In the meantime, if you had your crypto stored on FTX, you may be good and well hosed. It pretty much no longer exists. Actually, it does still exist, but is anyone opening a new account and depositing real dollars there in exchange for crypto? Didn’t think so, though the line of people who want OUT starts at a Starbucks in Nassau, the Bahamas, and stretches around the solar system.

And if you do have an account and/or your crypto is officially recorded on the blockchain (blockchain is the public ledger where all crypto transactions are recorded) or on some account ledger somewhere, good luck trying to withdraw it and turn it back into something real (dollars, platinum, Pop-Tarts, whatever.)

At some point, one would think that if these exchanges keep going bust, that the world’s governments and regulators really should step in and start cracking heads.

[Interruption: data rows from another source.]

lemma dihedral_eq:
  assumes "0 < n"
  shows "dihedral n = (\<lambda>(u, k). mod_affine n u k) ` ({1, -1} \<times> {0..<int n})"
proof
  have normal_form: "\<exists>u k. u \<in> {1, -1} \<and> g = mod_affine n u k" if "g \<in> dihedral n" for g
    using that
  proof induction
    case dihedral_id
    then show ?case using mod_affine_id[OF assms] by blast
  next
    case (dihedral_rot g)
    then obtain u k where "u \<in> {1, -1}" "g = mod_affine n u k" by blast
    moreover have "dn_rot n \<circ> mod_affine n u k = mod_affine n u (k + 1)"
      using mod_affine_comp[OF assms, of 1 1 u k] by (simp add: dn_rot_eq[OF assms] add.commute)
    ultimately show ?case by blast
  next
    case (dihedral_flip g)
    then obtain u k where "u \<in> {1, -1}" "g = mod_affine n u k" by blast
    moreover have "dn_flip n \<circ> mod_affine n u k = mod_affine n (- u) (1 - k)"
      using mod_affine_comp[OF assms, of "-1" 1 u k] by (simp add: dn_flip_eq[OF assms])
    moreover have "- u \<in> {1, -1}" using \<open>u \<in> {1, -1}\<close> by auto
    ultimately show ?case by blast
  qed
  show "dihedral n \<subseteq> (\<lambda>(u, k). mod_affine n u k) ` ({1, -1} \<times> {0..<int n})"
  proof
    fix g assume "g \<in> dihedral n"
    then obtain u k where "u \<in> {1, -1}" "g = mod_affine n u (k mod int n)"
      using normal_form by (metis mod_affine_mod)
    moreover have "k mod int n \<in> {0..<int n}" using assms by simp
    ultimately show "g \<in> (\<lambda>(u, k). mod_affine n u k) ` ({1, -1} \<times> {0..<int n})"
      by (intro image_eqI[where x = "(u, k mod int n)"]) simp_all
  qed
  have "mod_affine n (-1) k = dn_flip n \<circ> mod_affine n 1 (1 - k)" for k
    by (simp add: dn_flip_eq[OF assms] mod_affine_comp[OF assms])
  then have "mod_affine n (-1) k \<in> dihedral n" for k
    using dihedral_flip[OF rotation_in_dihedral[OF assms]] by simp
  then show "(\<lambda>(u, k). mod_affine n u k) ` ({1, -1} \<times> {0..<int n}) \<subseteq> dihedral n"
    using rotation_in_dihedral[OF assms] by auto
qed

section \<open>The vertices of P(D_n)\<close>

lemma perm_mat_entry:
  fixes e :: "nat \<Rightarrow> 'n::finite"
  assumes "bij_betw e {1..CARD('n)} UNIV" "i \<in> {1..CARD('n)}" "j \<in> {1..CARD('n)}"
  shows "perm_mat e g $ e i $ e j = of_bool (g i = j)"
  using assms by (simp add: perm_mat_def bij_betw_inv_into_left)

lemma perm_mat_eq_imp_eq_on:
  fixes e :: "nat \<Rightarrow> 'n::finite"
  assumes "bij_betw e {1..CARD('n)} UNIV" "perm_mat e g = perm_mat e g'"
    "i \<in> {1..CARD('n)}" "g i \<in> {1..CARD('n)}"
  shows "g' i = g i"
  using perm_mat_entry[OF assms(1,3,4), of g] perm_mat_entry[OF assms(1,3,4), of g'] assms(2)
  by (auto split: if_splits)
(* For all integers $k\ge 3$ and $n\ge 1$, the cycle chain $\mathcal{C}_k^n$ is odd prime.
   Context: All graphs are finite and simple. A graph $G$ of order $N$ is odd prime if there is a bijection $\ell:V(G)\to\{1,3,\ldots,2N-1\}$ with $\gcd(\ell(u),\ell(v))=1$ for every edge $uv$. The cycle chain $\mathcal{C}_k^n$ has vertices $v_1,\ldots,v_{n+1}$ and, for each $i=1,\ldots,n$, two internally disjoint paths joining $v_i$ to $v_{i+1}$ (with all internal vertices new and distinct): if $k$ is even, the paths $v_i,w_{i,1},\ldots,w_{i,k/2-1},v_{i+1}$ and $v_i,x_{i,1},\ldots,x_{i,k/2-1},v_{i+1}$; if $k$ is odd, the paths $v_i,w_{i,1},\ldots,w_{i,(k-1)/2-1},v_{i+1}$ and $v_i,x_{i,1},\ldots,x_{i,(k-1)/2},v_{i+1}$. Thus it is a chain of $n$ cycles of length $k$, consecutive cycles sharing the single vertex $v_{i+1}$. *)

theory Defs
  imports Main "HOL-Computational_Algebra.Primes"
begin

text \<open>A finite simple graph is given by a vertex set V and a set E of
  two-element subsets of V (unordered edges).\<close>

definition odd_prime_graph :: "'a set \<Rightarrow> 'a set set \<Rightarrow> bool" where
  "odd_prime_graph V E \<longleftrightarrow>
     (\<exists>l :: 'a \<Rightarrow> nat.
        bij_betw l V ((\<lambda>j. 2 * j + 1) ` {..<card V}) \<and>
        (\<forall>u v. {u, v} \<in> E \<longrightarrow> coprime (l u) (l v)))"

datatype cvert = CV nat | CW nat nat | CX nat nat

text \<open>Number of internal vertices on the w-path and on the x-path.\<close>
definition wlen :: "nat \<Rightarrow> nat" where
  "wlen k = (if even k then k div 2 - 1 else (k - 1) div 2 - 1)"

definition xlen :: "nat \<Rightarrow> nat" where
  "xlen k = (if even k then k div 2 - 1 else (k - 1) div 2)"

definition path_edges :: "'a list \<Rightarrow> 'a set set" where
  "path_edges xs = {{xs ! j, xs ! Suc j} | j. Suc j < length xs}"

definition wpath :: "nat \<Rightarrow> nat \<Rightarrow> cvert list" where
  "wpath k i = [CV i] @ map (CW i) [1..<wlen k + 1] @ [CV (Suc i)]"

definition xpath :: "nat \<Rightarrow> nat \<Rightarrow> cvert list" where
  "xpath k i = [CV i] @ map (CX i) [1..<xlen k + 1] @ [CV (Suc i)]"

definition cycle_chain_V :: "nat \<Rightarrow> nat \<Rightarrow> cvert set" where
  "cycle_chain_V k n = (\<Union>i\<in>{1..n}. set (wpath k i) \<union> set (xpath k i))"

definition cycle_chain_E :: "nat \<Rightarrow> nat \<Rightarrow> cvert set set" where
  "cycle_chain_E k n = (\<Union>i\<in>{1..n}. path_edges (wpath k i) \<union> path_edges (xpath k i))"

end

theory Submission
  imports Defs
begin

(* Number the vertices cycle by cycle: v_i gets (i - 1)(k - 1), and the internal vertices
   of the i-th cycle get the offsets 1, ..., k - 2 after it, alternating between the two
   paths (w_j and x_j get 2j - 1 and 2j in some order, the longer path going first).
   Then consecutive vertices of every path get numbers differing by 1 or 2, so labelling
   the vertex numbered p by 2p + 1 works: a common divisor of two odd numbers differing
   by 2 or 4 divides a power of 2. *)

lemma coprime_odd_if_gap:
  fixes a b :: nat
  assumes "\<bar>int a - int b\<bar> \<in> {1, 2}"
  shows "coprime (2 * a + 1) (2 * b + 1)"
proof -
  have step: "coprime (2 * x + 1) (2 * y + 1)" if "y = x + d" "d \<in> {1, 2}" for x y d :: nat
  proof -
    have "2 * d = 2 ^ d" using that by auto
    then have "coprime (2 * x + 1) (2 * d)"
      by simp
    then have "coprime (2 * x + 1) ((2 * x + 1) + 2 * d)"
      by (simp only: coprime_iff_gcd_eq_1 gcd_add2)
    then show ?thesis using that(1) by (simp add: algebra_simps)
  qed
  from assms have "b = a + 1 \<or> b = a + 2 \<or> a = b + 1 \<or> a = b + 2"
    by auto
  then show ?thesis using step[of _ _ 1] step[of _ _ 2] coprime_commute by blast
qed

lemma odd_prime_graph_if_gap:
  assumes bij: "bij_betw f V {..<N}"
    and gap: "\<And>u v. {u, v} \<in> E \<Longrightarrow> \<bar>int (f u) - int (f v)\<bar> \<in> {1, 2}"
  shows "odd_prime_graph V E"
proof -
  have "card V = N" using bij_betw_same_card[OF bij] by simp
  moreover have "bij_betw (\<lambda>j. 2 * j + 1) {..<N} ((\<lambda>j. 2 * j + 1) ` {..<N})"
    by (rule inj_on_imp_bij_betw) (auto simp: inj_on_def)
  ultimately have "bij_betw (\<lambda>v. 2 * f v + 1) V ((\<lambda>j. 2 * j + 1) ` {..<card V})"
    using bij_betw_trans[OF bij] by (simp add: comp_def)
  then show ?thesis
    unfolding odd_prime_graph_def using gap coprime_odd_if_gap by blast
qed

lemma path_edges_gap:
  assumes "\<And>j. Suc j < length xs \<Longrightarrow> \<bar>int (f (xs ! Suc j)) - int (f (xs ! j))\<bar> \<in> {1, 2}"
    and "{u, v} \<in> path_edges xs"
  shows "\<bar>int (f u) - int (f v)\<bar> \<in> {1, 2}"
proof -
  from assms(2) obtain j where "Suc j < length xs" "{u, v} = {xs ! j, xs ! Suc j}"
    unfolding path_edges_def by blast
  with assms(1)[of j] show ?thesis by (auto simp: doubleton_eq_iff abs_minus_commute)
qed

lemma path_step_gap:
  assumes "length xs = a + 2" "c \<le> 1" "2 * a - c < m" "m \<le> 2 * a + 2 - c"
    and "f (xs ! 0) = b" "\<And>j. 1 \<le> j \<Longrightarrow> j \<le> a \<Longrightarrow> f (xs ! j) = b + (2 * j - c)"
    and "f (xs ! (a + 1)) = b + m"
    and "Suc j < length xs"
  shows "\<bar>int (f (xs ! Suc j)) - int (f (xs ! j))\<bar> \<in> {1, 2}"
proof -
  consider "j = 0" "a = 0" | "j = 0" "a \<noteq> 0" | "1 \<le> j" "j < a" | "1 \<le> j" "j = a"
    using assms(1,8) by linarith
  then show ?thesis
  proof cases
    case 1
    then show ?thesis using assms(3-5,7) by auto
  next
    case 2
    then show ?thesis using assms(2,5) assms(6)[of 1] by auto
  next
    case 3
    then show ?thesis using assms(2) assms(6)[of j] assms(6)[of "Suc j"] by auto
  next
    case 4
    then show ?thesis using assms(3,4,7) assms(6)[of j] by auto
  qed
qed

lemma mem_cycle_chain_V:
  assumes "n \<ge> 1"
  shows "v \<in> cycle_chain_V k n \<longleftrightarrow>
    (\<exists>i. v = CV i \<and> 1 \<le> i \<and> i \<le> n + 1) \<or>
    (\<exists>i j. v = CW i j \<and> 1 \<le> i \<and> i \<le> n \<and> 1 \<le> j \<and> j \<le> wlen k) \<or>
    (\<exists>i j. v = CX i j \<and> 1 \<le> i \<and> i \<le> n \<and> 1 \<le> j \<and> j \<le> xlen k)"
    (is "_ \<longleftrightarrow> ?CV \<or> ?CW \<or> ?CX")
proof
  assume "v \<in> cycle_chain_V k n"
  then show "?CV \<or> ?CW \<or> ?CX"
    unfolding cycle_chain_V_def wpath_def xpath_def by auto
next
  have last: "CV (Suc n) \<in> cycle_chain_V k n"
    using assms unfolding cycle_chain_V_def wpath_def by force
  assume "?CV \<or> ?CW \<or> ?CX"
  then show "v \<in> cycle_chain_V k n"
    using last unfolding cycle_chain_V_def wpath_def xpath_def by (force simp: le_Suc_eq)
qed

fun chain_pos :: "nat \<Rightarrow> cvert \<Rightarrow> nat" where
  "chain_pos k (CV i) = (i - 1) * (k - 1)"
| "chain_pos k (CW i j) = (i - 1) * (k - 1) + (2 * j - of_bool (even k))"
| "chain_pos k (CX i j) = (i - 1) * (k - 1) + (2 * j - of_bool (odd k))"

definition chain_vertex :: "nat \<Rightarrow> nat \<Rightarrow> cvert" where
  "chain_vertex k p = (let q = p div (k - 1); r = p mod (k - 1) in
     if r = 0 then CV (Suc q)
     else if odd (r + k) then CW (Suc q) ((r + 1) div 2)
     else CX (Suc q) ((r + 1) div 2))"

lemma CW_offset_iff:
  assumes "k \<ge> 3"
  shows "(1 \<le> j \<and> j \<le> wlen k \<and> r = 2 * j - of_bool (even k)) \<longleftrightarrow>
    (0 < r \<and> r < k - 1 \<and> odd (r + k) \<and> j = (r + 1) div 2)"
  using assms unfolding wlen_def by (cases "even k"; auto elim!: evenE oddE; presburger)

lemma CX_offset_iff:
  assumes "k \<ge> 3"
  shows "(1 \<le> j \<and> j \<le> xlen k \<and> r = 2 * j - of_bool (odd k)) \<longleftrightarrow>
    (0 < r \<and> r < k - 1 \<and> even (r + k) \<and> j = (r + 1) div 2)"
  using assms unfolding xlen_def by (cases "even k"; auto elim!: evenE oddE; presburger)

lemma chain_vertex_eq:
  assumes "r < k - 1"
  shows "chain_vertex k (q * (k - 1) + r) =
     (if r = 0 then CV (Suc q)
      else if odd (r + k) then CW (Suc q) ((r + 1) div 2)
      else CX (Suc q) ((r + 1) div 2))"
  using assms unfolding chain_vertex_def Let_def by simp

lemma chain_pos_inverse:
  assumes k: "k \<ge> 3" and n: "n \<ge> 1" and v: "v \<in> cycle_chain_V k n"
  shows "chain_vertex k (chain_pos k v) = v" and "chain_pos k v \<le> n * (k - 1)"
proof -
  have cycle_le: "(i - 1) * (k - 1) + r \<le> n * (k - 1)" if "1 \<le> i" "i \<le> n" "r < k - 1" for i r
  proof -
    have "(i - 1) * (k - 1) + r \<le> i * (k - 1)"
      using that by (cases i) auto
    also have "\<dots> \<le> n * (k - 1)" using that by simp
    finally show ?thesis .
  qed
  from v consider
      (CV) i where "v = CV i" "1 \<le> i" "i \<le> n + 1"
    | (CW) i j where "v = CW i j" "1 \<le> i" "i \<le> n" "1 \<le> j" "j \<le> wlen k"
    | (CX) i j where "v = CX i j" "1 \<le> i" "i \<le> n" "1 \<le> j" "j \<le> xlen k"
    unfolding mem_cycle_chain_V[OF n] by blast
  then have "chain_vertex k (chain_pos k v) = v \<and> chain_pos k v \<le> n * (k - 1)"
  proof cases
    case CV
    then show ?thesis using k chain_vertex_eq[of 0 k "i - 1"] by simp
  next
    case CW
    define r where "r = 2 * j - of_bool (even k)"
    have "0 < r" "r < k - 1" "odd (r + k)" "j = (r + 1) div 2"
      using CW_offset_iff[OF k, of j r] CW r_def by auto
    then show ?thesis
      using CW cycle_le chain_vertex_eq[of r k "i - 1"] by (simp add: r_def[symmetric])
  next
    case CX
    define r where "r = 2 * j - of_bool (odd k)"
    have "0 < r" "r < k - 1" "even (r + k)" "j = (r + 1) div 2"
      using CX_offset_iff[OF k, of j r] CX r_def by auto
    then show ?thesis
      using CX cycle_le chain_vertex_eq[of r k "i - 1"] by (simp add: r_def[symmetric])
  qed
  then show "chain_vertex k (chain_pos k v) = v" and "chain_pos k v \<le> n * (k - 1)"
    by auto
qed

lemma chain_vertex_inverse:
  assumes k: "k \<ge> 3" and n: "n \<ge> 1" and p: "p \<le> n * (k - 1)"
  shows "chain_vertex k p \<in> cycle_chain_V k n" and "chain_pos k (chain_vertex k p) = p"
proof -
  define q where "q = p div (k - 1)"
  define r where "r = p mod (k - 1)"
  have p_eq: "p = q * (k - 1) + r"
    by (simp only: q_def r_def div_mult_mod_eq)
  have r_less: "r < k - 1"
    using k by (simp add: r_def)
  have "q * (k - 1) \<le> n * (k - 1)"
    using p p_eq by linarith
  then have "q \<le> n"
    using k by simp
  moreover have "q < n" if "r \<noteq> 0"
  proof (rule ccontr)
    assume "\<not> q < n"
    then have "n * (k - 1) \<le> q * (k - 1)" by simp
    with p p_eq that show False by linarith
  qed
  ultimately have "chain_vertex k p \<in> cycle_chain_V k n \<and> chain_pos k (chain_vertex k p) = p"
    using chain_vertex_eq[OF r_less, of q] CW_offset_iff[OF k, of "(r + 1) div 2" r]
      CX_offset_iff[OF k, of "(r + 1) div 2" r] r_less
    by (auto simp: p_eq mem_cycle_chain_V[OF n])
  then show "chain_vertex k p \<in> cycle_chain_V k n" and "chain_pos k (chain_vertex k p) = p"
    by auto
qed

lemma bij_betw_chain_pos:
  assumes "k \<ge> 3" and "n \<ge> 1"
  shows "bij_betw (chain_pos k) (cycle_chain_V k n) {..<n * (k - 1) + 1}"
  by (rule bij_betw_byWitness[where f' = "chain_vertex k"])
    (use chain_pos_inverse[OF assms] chain_vertex_inverse[OF assms] in \<open>auto simp: less_Suc_eq_le\<close>)

lemma chain_path_gap:
  fixes C :: "nat \<Rightarrow> nat \<Rightarrow> cvert"
  assumes "1 \<le> i" "c \<le> 1" "2 * a - c < k - 1" "k - 1 \<le> 2 * a + 2 - c"
    and "\<And>j. chain_pos k (C i j) = (i - 1) * (k - 1) + (2 * j - c)"
    and "{u, v} \<in> path_edges ([CV i] @ map (C i) [1..<a + 1] @ [CV (Suc i)])"
  shows "\<bar>int (chain_pos k u) - int (chain_pos k v)\<bar> \<in> {1, 2}"
proof -
  let ?xs = "[CV i] @ map (C i) [1..<a + 1] @ [CV (Suc i)]"
  have "?xs ! j = C i j" if "1 \<le> j" "j \<le> a" for j
    using that by (auto simp: nth_append nth_Cons' simp del: upt_Suc)
  moreover have "chain_pos k (?xs ! (a + 1)) = (i - 1) * (k - 1) + (k - 1)"
    using assms(1) by (simp add: nth_append mult_eq_if)
  ultimately show ?thesis
    by (intro path_edges_gap[OF path_step_gap assms(6)]) (use assms in auto)
qed

lemma chain_pos_gap:
  assumes k: "k \<ge> 3" and e: "{u, v} \<in> cycle_chain_E k n"
  shows "\<bar>int (chain_pos k u) - int (chain_pos k v)\<bar> \<in> {1, 2}"
proof -
  from e obtain i where "1 \<le> i"
    and "{u, v} \<in> path_edges (wpath k i) \<or> {u, v} \<in> path_edges (xpath k i)"
    unfolding cycle_chain_E_def by auto
  moreover have "2 * wlen k - of_bool (even k) < k - 1" "k - 1 \<le> 2 * wlen k + 2 - of_bool (even k)"
    "2 * xlen k - of_bool (odd k) < k - 1" "k - 1 \<le> 2 * xlen k + 2 - of_bool (odd k)"
    using k unfolding wlen_def xlen_def by (cases "even k"; auto elim!: evenE oddE)+
  ultimately show ?thesis
    unfolding wpath_def xpath_def
    by (elim disjE) (rule chain_path_gap; simp)+
qed

theorem theorem3p3:
  fixes k n :: nat
  assumes "k \<ge> 3" and "n \<ge> 1"
  shows "odd_prime_graph (cycle_chain_V k n) (cycle_chain_E k n)"
  by (rule odd_prime_graph_if_gap[OF bij_betw_chain_pos[OF assms] chain_pos_gap[OF assms(1)]])

end
lemma force_step_mono: "A \<subseteq> B \<Longrightarrow> force_step L p A \<subseteq> force_step L p B"
  unfolding force_step_def using Pre_mono tPre_mono by blast

lemma force_step_increasing: "R \<subseteq> force_step L p R"
  unfolding force_step_def by blast

lemma force_seq_0 [simp]: "force_seq L p T 0 = T"
  by (simp add: force_seq_def)

lemma force_seq_Suc [simp]: "force_seq L p T (Suc i) = force_step L p (force_seq L p T i)"
  by (simp add: force_seq_def)

lemma force_seq_mono: "i \<le> j \<Longrightarrow> force_seq L p T i \<subseteq> force_seq L p T j"
  by (rule lift_Suc_mono_le[of "force_seq L p T"]) (simp_all add: force_step_increasing)

lemma force_seq_subset_prefixpoint:
  assumes "T \<subseteq> R" and "force_step L p R \<subseteq> R"
  shows "force_seq L p T i \<subseteq> R"
proof (induction i)
  case (Suc i)
  have "force_step L p (force_seq L p T i) \<subseteq> force_step L p R"
    by (rule force_step_mono[OF Suc.IH])
  then show ?case
    using assms(2) by auto
qed (simp add: assms(1))

lemma force_seq_stationary:
  assumes closed: "force_step L p (force_seq L p T j) \<subseteq> force_seq L p T j"
  shows "(\<forall>i\<ge>j. force_seq L p T i = force_seq L p T j) \<and> Force L p T = force_seq L p T j"
proof
  have fixpoint: "force_step L p (force_seq L p T j) = force_seq L p T j"
    using closed force_step_increasing by (rule subset_antisym)
  have "force_seq L p T i = force_seq L p T j" if "j \<le> i" for i
    using that by (induction rule: dec_induct) (simp_all add: fixpoint)
  then show "\<forall>i\<ge>j. force_seq L p T i = force_seq L p T j"
    by blast
  show "Force L p T = force_seq L p T j"
  proof
    show "Force L p T \<subseteq> force_seq L p T j"
      unfolding Force_def
      by (rule Inter_lower) (use closed force_seq_mono[of 0 j L p T] in simp)
    show "force_seq L p T j \<subseteq> Force L p T"
      unfolding Force_def using force_seq_subset_prefixpoint[of T _ L p j] by blast
  qed
qed

lemma edge_from_player_conf:
  assumes "u \<in> player_confs L q" and "edge L u v"
  shows "v \<in> rand_confs L"
  using assms unfolding player_confs_def rand_confs_def edge_def confs_def
  by (auto split: prod.splits)

lemma player_Pre_cong:
  assumes "R \<inter> rand_confs L = R' \<inter> rand_confs L"
  shows "player_confs L q \<inter> Pre L R = player_confs L q \<inter> Pre L R'"
    and "player_confs L q \<inter> tPre L R = player_confs L q \<inter> tPre L R'"
  using edge_from_player_conf[of _ L q] assms unfolding tPre_def Pre_def by blast+

text \<open>Message losses from a larger channel content reach every content reachable from a
  smaller one, so the random predecessors of any set are upward closed.\<close>
lemma rand_Pre_upclosed:
  assumes u: "u \<in> rand_confs L \<inter> Pre L R" and v: "v \<in> rand_confs L" and "conf_le u v"
  shows "v \<in> rand_confs L \<inter> Pre L R"
proof -
  obtain s x y where uv: "u = (s, x, 0)" "v = (s, y, 0)" "sub_contents x y"
    using u v \<open>conf_le u v\<close> unfolding rand_confs_def by auto
  obtain s' x' b' where w: "(s', x', b') \<in> R" "edge L u (s', x', b')"
    using u unfolding Pre_def by auto
  have "sub_contents x' y"
    using w(2) uv(3) unfolding edge_def uv sub_contents_def
    by (auto intro: subseq_order.order_trans)
  then have "edge L v (s', x', b')"
    using w(2) v unfolding edge_def uv rand_confs_def confs_def by auto
  then show ?thesis
    using w(1) v unfolding Pre_def rand_confs_def confs_def by auto
qed

text \<open>Successors of player configurations are random, so once a step adds no random
  configurations, the next step adds nothing at all.\<close>
lemma force_step_closed:
  assumes "rand_confs L \<inter> Pre L (force_step L p R) \<subseteq> R"
  shows "force_step L p (force_step L p R) \<subseteq> force_step L p R"
proof -
  let ?R' = "force_step L p R"
  have disj: "player_confs L q \<inter> rand_confs L = {}" for q
    unfolding player_confs_def rand_confs_def by auto
  have "?R' \<inter> rand_confs L \<subseteq> R \<union> rand_confs L \<inter> Pre L R"
    using disj unfolding force_step_def by blast
  moreover have "rand_confs L \<inter> Pre L R \<subseteq> R"
    using assms Pre_mono[OF force_step_increasing] by blast
  ultimately have "?R' \<inter> rand_confs L = R \<inter> rand_confs L"
    using force_step_increasing by blast
  then show ?thesis
    using assms player_Pre_cong[of ?R' L R] force_step_increasing[of R L p]
    unfolding force_step_def[of L p ?R'] by (auto simp: force_step_def)
qed

lemma rand_Pre_force_seq_stabilises:
  fixes L :: "('s, 'c, 'm) sglcs"
  assumes "wf_sglcs L"
  shows "\<exists>k. \<forall>i\<ge>k. rand_confs L \<inter> Pre L (force_seq L p T i)
                    = rand_confs L \<inter> Pre L (force_seq L p T k)"
proof (rule upclosed_chain_stabilises)
  show "\<exists>i j. i < j \<and> conf_le (a i) (a j)"
    if "\<And>i. a i \<in> rand_confs L" for a :: "nat \<Rightarrow> ('s, 'c, 'm) conf"
    using good_rand_conf_seq[OF assms that] .
  show "rand_confs L \<inter> Pre L (force_seq L p T i)
          \<subseteq> rand_confs L \<inter> Pre L (force_seq L p T (Suc i))" for i
    using Pre_mono[OF force_seq_mono[of i "Suc i" L p T], of L] by auto
  show "v \<in> rand_confs L \<inter> Pre L (force_seq L p T i)"
    if "u \<in> rand_confs L \<inter> Pre L (force_seq L p T i)" "v \<in> rand_confs L" "conf_le u v"
    for i u v
    using rand_Pre_upclosed that .
qed blast

theorem mainTheorem11:
  fixes L :: "('s, 'c, 'm) sglcs" and p :: nat and T :: "('s, 'c, 'm) conf set"
  assumes "wf_sglcs L" and "p \<in> {0, 1}" and "T \<subseteq> confs L"
  shows "\<exists>j::nat. (\<forall>i\<ge>j. force_seq L p T i = force_seq L p T j) \<and> Force L p T = force_seq L p T j"
proof -
  let ?R = "force_seq L p T"
  obtain k where k: "\<forall>i\<ge>k. rand_confs L \<inter> Pre L (?R i) = rand_confs L \<inter> Pre L (?R k)"
    using rand_Pre_force_seq_stabilises[OF assms(1)] by blast
  have "rand_confs L \<inter> Pre L (force_step L p (?R (Suc k))) \<subseteq> ?R (Suc k)"
    using k[rule_format, of "Suc (Suc k)"] by (auto simp: force_step_def)
  then have "force_step L p (?R (Suc (Suc k))) \<subseteq> ?R (Suc (Suc k))"
    by (simp add: force_step_closed)
  then show ?thesis
    using force_seq_stationary by blast
qed

end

But, maybe that is not necessary. The constant, incessant failures of crypto may be the best regulator of all. Don’t want to get burned by crypto? Great. Don’t buy it. That’s how markets work and, in the end, it may just prove to be another version of Beanie Babies and the Tulip Bubble in Holland circa 1635 (Look it up. It’s insane and yet, here we are almost 400 years later, watching the same movie.)

It brings to mind the old joke:

Patient: “Doctor, it hurts when I do this.”
Doctor: “Stop doing that.”

In other words: Crypto investor, heal thyself.

And as Abraham Lincoln, or maybe Charlie Brown in re: Lucy and the football, once said: “Fool me once shame on you. Fool me like 87 times over the course of a decade? That’s crypto investing!”